*Your Name*

*Collaborator's Names*

# Tuning Parallel Performance

In this week's lecture, we introduced the concepts of overhead, load balancing, and scaling.

All parallel programs have "overhead"; work that wouldn't otherwise be there if we weren't running in parallel. The benefits of parallelizing code generally outweigh the drawbacks of overhead, but its still important to minimize.

It is also important to achieve good load balancing, so that all processes involved spend as much of their time doing useful work as possible. Poor load balancing can see only a small number of processes doing the bulk of the work.

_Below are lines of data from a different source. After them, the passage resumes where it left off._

text \<open>
  Whether a fixed point is matched or not gives \<open>N(n, j+1) = N(n-1, j+1) + (n-1) N(n-2, j)\<close> for
  the number \<open>N(n, j)\<close> of \<open>j\<close>-matchings of an \<open>n\<close>-set, and \<open>(n-1) C(n-2, 2j) = (2j+1) C(n-1, 2j+1)\<close>
  is an odd multiple of \<open>C(n-1, 2j+1)\<close>; Pascal's rule closes the induction.
\<close>

lemma num_matchings_parity:
  "finite A \<Longrightarrow> num_matchings A j mod 2 = (card A choose (2 * j)) mod 2"
proof (induction "card A" arbitrary: A j rule: less_induct)
  case less
  show ?case
  proof (cases j)
    case 0
    then show ?thesis using num_matchings_0[OF less.prems] by simp
  next
    case (Suc i)
    show ?thesis
    proof (cases "A = {}")
      case True
      then show ?thesis using Suc by (simp add: num_matchings_empty_Suc)
    next
      case False
      then obtain x where x: "x \<in> A" by blast
      define n where "n = card (A - {x})"
      have card_Ax: "card (A - {x}) = n"
        by (simp add: n_def)
      have card_A: "card A = Suc n"
        using card_Suc_Diff1[OF less.prems x] by (simp add: n_def)
      have card_Axy: "card (A - {x, y}) = n - 1" if "y \<in> A - {x}" for y
      proof -
        have "card {x, y} = 2"
          using that by auto
        then show ?thesis
          using that x less.prems card_A by (simp add: card_Diff_subset)
      qed
      have "(\<Sum>y\<in>A - {x}. num_matchings (A - {x, y}) i) mod 2
              = (\<Sum>y\<in>A - {x}. (n - 1) choose (2 * i)) mod 2"
        using less card_A card_Axy by (intro sum_mod_cong) auto
      also have "\<dots> = (Suc (2 * i) * (n choose Suc (2 * i))) mod 2"
        using card_Ax binomial_absorption[of "2 * i" n] by simp
      also have "\<dots> = (n choose Suc (2 * i)) mod 2"
        by (simp add: mult.assoc)
      finally have pairs: "(\<Sum>y\<in>A - {x}. num_matchings (A - {x, y}) i) mod 2
                              = (n choose Suc (2 * i)) mod 2" .
      have rest: "num_matchings (A - {x}) (Suc i) mod 2 = (n choose (2 * Suc i)) mod 2"
        using less card_A card_Ax by simp
      have "num_matchings A j mod 2
              = (num_matchings (A - {x}) (Suc i) + (\<Sum>y\<in>A - {x}. num_matchings (A - {x, y}) i)) mod 2"
        using num_matchings_Suc[OF less.prems x] Suc by simp
      also have "\<dots> = ((n choose (2 * Suc i)) + (n choose Suc (2 * i))) mod 2"
        using rest pairs by (metis mod_add_eq)
      also have "(n choose (2 * Suc i)) + (n choose Suc (2 * i)) = card A choose (2 * j)"
        using card_A Suc by simp
      finally show ?thesis .
    qed
  qed
qed

lemma card_supermatchings_parity:
  assumes A: "finite A" and S: "S \<in> matchings A" and k: "card S \<le> k"
  shows "card {M \<in> matchings A. card M = k \<and> S \<subseteq> M} mod 2
           = binom_int (int (card A) - 2 * int (card S)) (2 * k - 2 * card S) mod 2"
proof -
  have sub: "\<Union>S \<subseteq> A"
    using S by (rule Union_matching_subset)
  have card_rest: "card (A - \<Union>S) = card A - 2 * card S"
    using A sub card_Union_matching[OF A S] by (simp add: card_Diff_subset finite_subset)
  have "2 * card S \<le> card A"
    using card_mono[OF A sub] card_Union_matching[OF A S] by simp
  have "binom_int (int (card A) - 2 * int (card S)) (2 * k - 2 * card S)
               = (card A - 2 * card S) choose (2 * (k - card S))"
  proof -
    have "nat (int (card A) - 2 * int (card S)) = card A - 2 * card S"
      using \<open>2 * card S \<le> card A\<close> by linarith
    moreover have "2 * k - 2 * card S = 2 * (k - card S)"
      by simp
    ultimately show ?thesis
      using \<open>2 * card S \<le> card A\<close> by (simp add: binom_int_def)
  qed
  then show ?thesis
    using card_supermatchings[OF assms] num_matchings_parity[of "A - \<Union>S"] A card_rest by simp
qed

lemma sum_card_supermatchings:
  assumes A: "finite A"
  shows "(\<Sum>S\<in>{S \<in> matchings A. card S \<le> k \<and> (\<forall>e\<in>S. P e)}.
            card {M \<in> matchings A. card M = k \<and> S \<subseteq> M})
         = (\<Sum>M\<in>{M \<in> matchings A. card M = k}. 2 ^ card {e \<in> M. P e})"
proof -
  let ?X = "{S \<in> matchings A. card S \<le> k \<and> (\<forall>e\<in>S. P e)}"
  let ?Mk = "{M \<in> matchings A. card M = k}"
  have fin: "finite ?X" "finite ?Mk"
    using finite_matchings[OF A] by simp_all
  have "(\<Sum>S\<in>?X. card {M \<in> matchings A. card M = k \<and> S \<subseteq> M})
          = (\<Sum>S\<in>?X. \<Sum>M\<in>{M \<in> ?Mk. S \<subseteq> M}. 1 :: nat)"
    by (intro sum.cong) auto
  also have "\<dots> = (\<Sum>M\<in>?Mk. \<Sum>S\<in>{S \<in> ?X. S \<subseteq> M}. 1)"
    by (rule sum.swap_restrict[OF fin, where g = "\<lambda>_ _. 1 :: nat" and R = "\<lambda>S M. S \<subseteq> M"])
  also have "\<dots> = (\<Sum>M\<in>?Mk. 2 ^ card {e \<in> M. P e})"
  proof (intro sum.cong refl)
    fix M assume M: "M \<in> ?Mk"
    then have "finite M" using finite_matching[OF A] by blast
    have "{S \<in> ?X. S \<subseteq> M} = Pow {e \<in> M. P e}"
    proof (intro equalityI subsetI)
      fix S assume "S \<in> Pow {e \<in> M. P e}"
      then have "S \<subseteq> M" "\<forall>e\<in>S. P e" by auto
      then show "S \<in> {S \<in> ?X. S \<subseteq> M}"
        using M matching_subset card_mono[OF \<open>finite M\<close>] by auto
    qed auto
    then show "(\<Sum>S\<in>{S \<in> ?X. S \<subseteq> M}. 1 :: nat) = 2 ^ card {e \<in> M. P e}"
      using \<open>finite M\<close> by (simp add: card_Pow)
  qed
  finally show ?thesis .
qed

theorem matchings_binomial_parity:
  assumes A: "finite A"
  shows "(\<Sum>i=0..k. card {S \<in> matchings A. card S = i \<and> (\<forall>e\<in>S. P e)}
                      * binom_int (int (card A) - 2 * int i) (2 * k - 2 * i)) mod 2
         = card {M \<in> matchings A. card M = k \<and> (\<forall>e\<in>M. \<not> P e)} mod 2"
proof -
  let ?W = "\<lambda>i. {S \<in> matchings A. card S = i \<and> (\<forall>e\<in>S. P e)}"
  let ?X = "{S \<in> matchings A. card S \<le> k \<and> (\<forall>e\<in>S. P e)}"
  let ?E = "\<lambda>S. card {M \<in> matchings A. card M = k \<and> S \<subseteq> M}"
  have "(\<Sum>i=0..k. card (?W i) * binom_int (int (card A) - 2 * int i) (2 * k - 2 * i)) mod 2
          = (\<Sum>i=0..k. \<Sum>S\<in>?W i. binom_int (int (card A) - 2 * int i) (2 * k - 2 * i)) mod 2"
    by simp
  also have "\<dots> = (\<Sum>i=0..k. \<Sum>S\<in>?W i. ?E S) mod 2"
    using card_supermatchings_parity[OF A] by (intro sum_mod_cong) auto
  also have "(\<Sum>i=0..k. \<Sum>S\<in>?W i. ?E S) = (\<Sum>i=0..k. sum ?E {S \<in> ?X. card S = i})"
    by (intro sum.cong) auto
  also have "\<dots> = sum ?E ?X"
    using finite_matchings[OF A] by (intro sum.group) auto
  also have "\<dots> = (\<Sum>M\<in>{M \<in> matchings A. card M = k}. 2 ^ card {e \<in> M. P e})"
    by (rule sum_card_supermatchings[OF A])
  also have "\<dots> mod 2 = card {M \<in> {M \<in> matchings A. card M = k}. card {e \<in> M. P e} = 0} mod 2"
    using finite_matchings[OF A] by (simp add: sum_power2_mod2)
  also have "{M \<in> {M \<in> matchings A. card M = k}. card {e \<in> M. P e} = 0}
               = {M \<in> matchings A. card M = k \<and> (\<forall>e\<in>M. \<not> P e)}"
    using finite_matching[OF A] by auto
  finally show ?thesis .
qed

lemma infinite_Pset: "infinite Pset"
  unfolding infinite_nat_iff_unbounded
proof
  fix m :: nat
  have "4 * Suc m \<in> Pset" "m < 4 * Suc m"
    by (simp_all add: Pset_def)
  then show "\<exists>n>m. n \<in> Pset" by blast
qed

lemma card_restr_Pset: "finite (restr Pset m) \<and> card (restr Pset m) = m"
proof -
  have "inj_on (enumerate Pset) {..<m}"
    using inj_enumerate[OF infinite_Pset] by (rule inj_on_subset) simp
  then show ?thesis
    unfolding restr_def by (simp add: card_image)
qed

theorem lemma2p4:
  fixes m k :: nat
  assumes "m \<ge> 1" and "k \<ge> 1"
  shows "(\<Sum>i=0..k. mu (restr Pset m) i Jstar * binom_int (int m - 2 * int i) (2*k - 2*i)) mod 2
         = mu (restr Pset m) k Lset mod 2"
  using matchings_binomial_parity[where A = "restr Pset m" and k = k and P = "\<lambda>e. \<Sum>e \<in> Jstar"] card_restr_Pset
  by (simp add: mu_eq_card_matchings Lset_def)

end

Strong and weak scaling are two metrics that we can use to identify how well our programs have tackled overhead and load balancing.

The examples in this workbook are modified from [High Performance Python by Gorelick & Ozsvald](https://github.com/mynameisfiber/high_performance_python_2e/tree/master/09_multiprocessing).

## Setup
For this workbook, **you'll need to request 8 cores on the HPCC.**

You'll also need the code you used last week to search for prime numbers using `multiprocessing.Pool`. **Copy the necessary code into the empty cell below.** 

It is **strongly suggested** that you wrap the parallelized search in a function that takes three arguments:

1. start of the search range
2. end of the search range
3. the number of processes

This function can then return the list of primes. Encapsulating the prime search in this way will simplify the code you write for this workbook.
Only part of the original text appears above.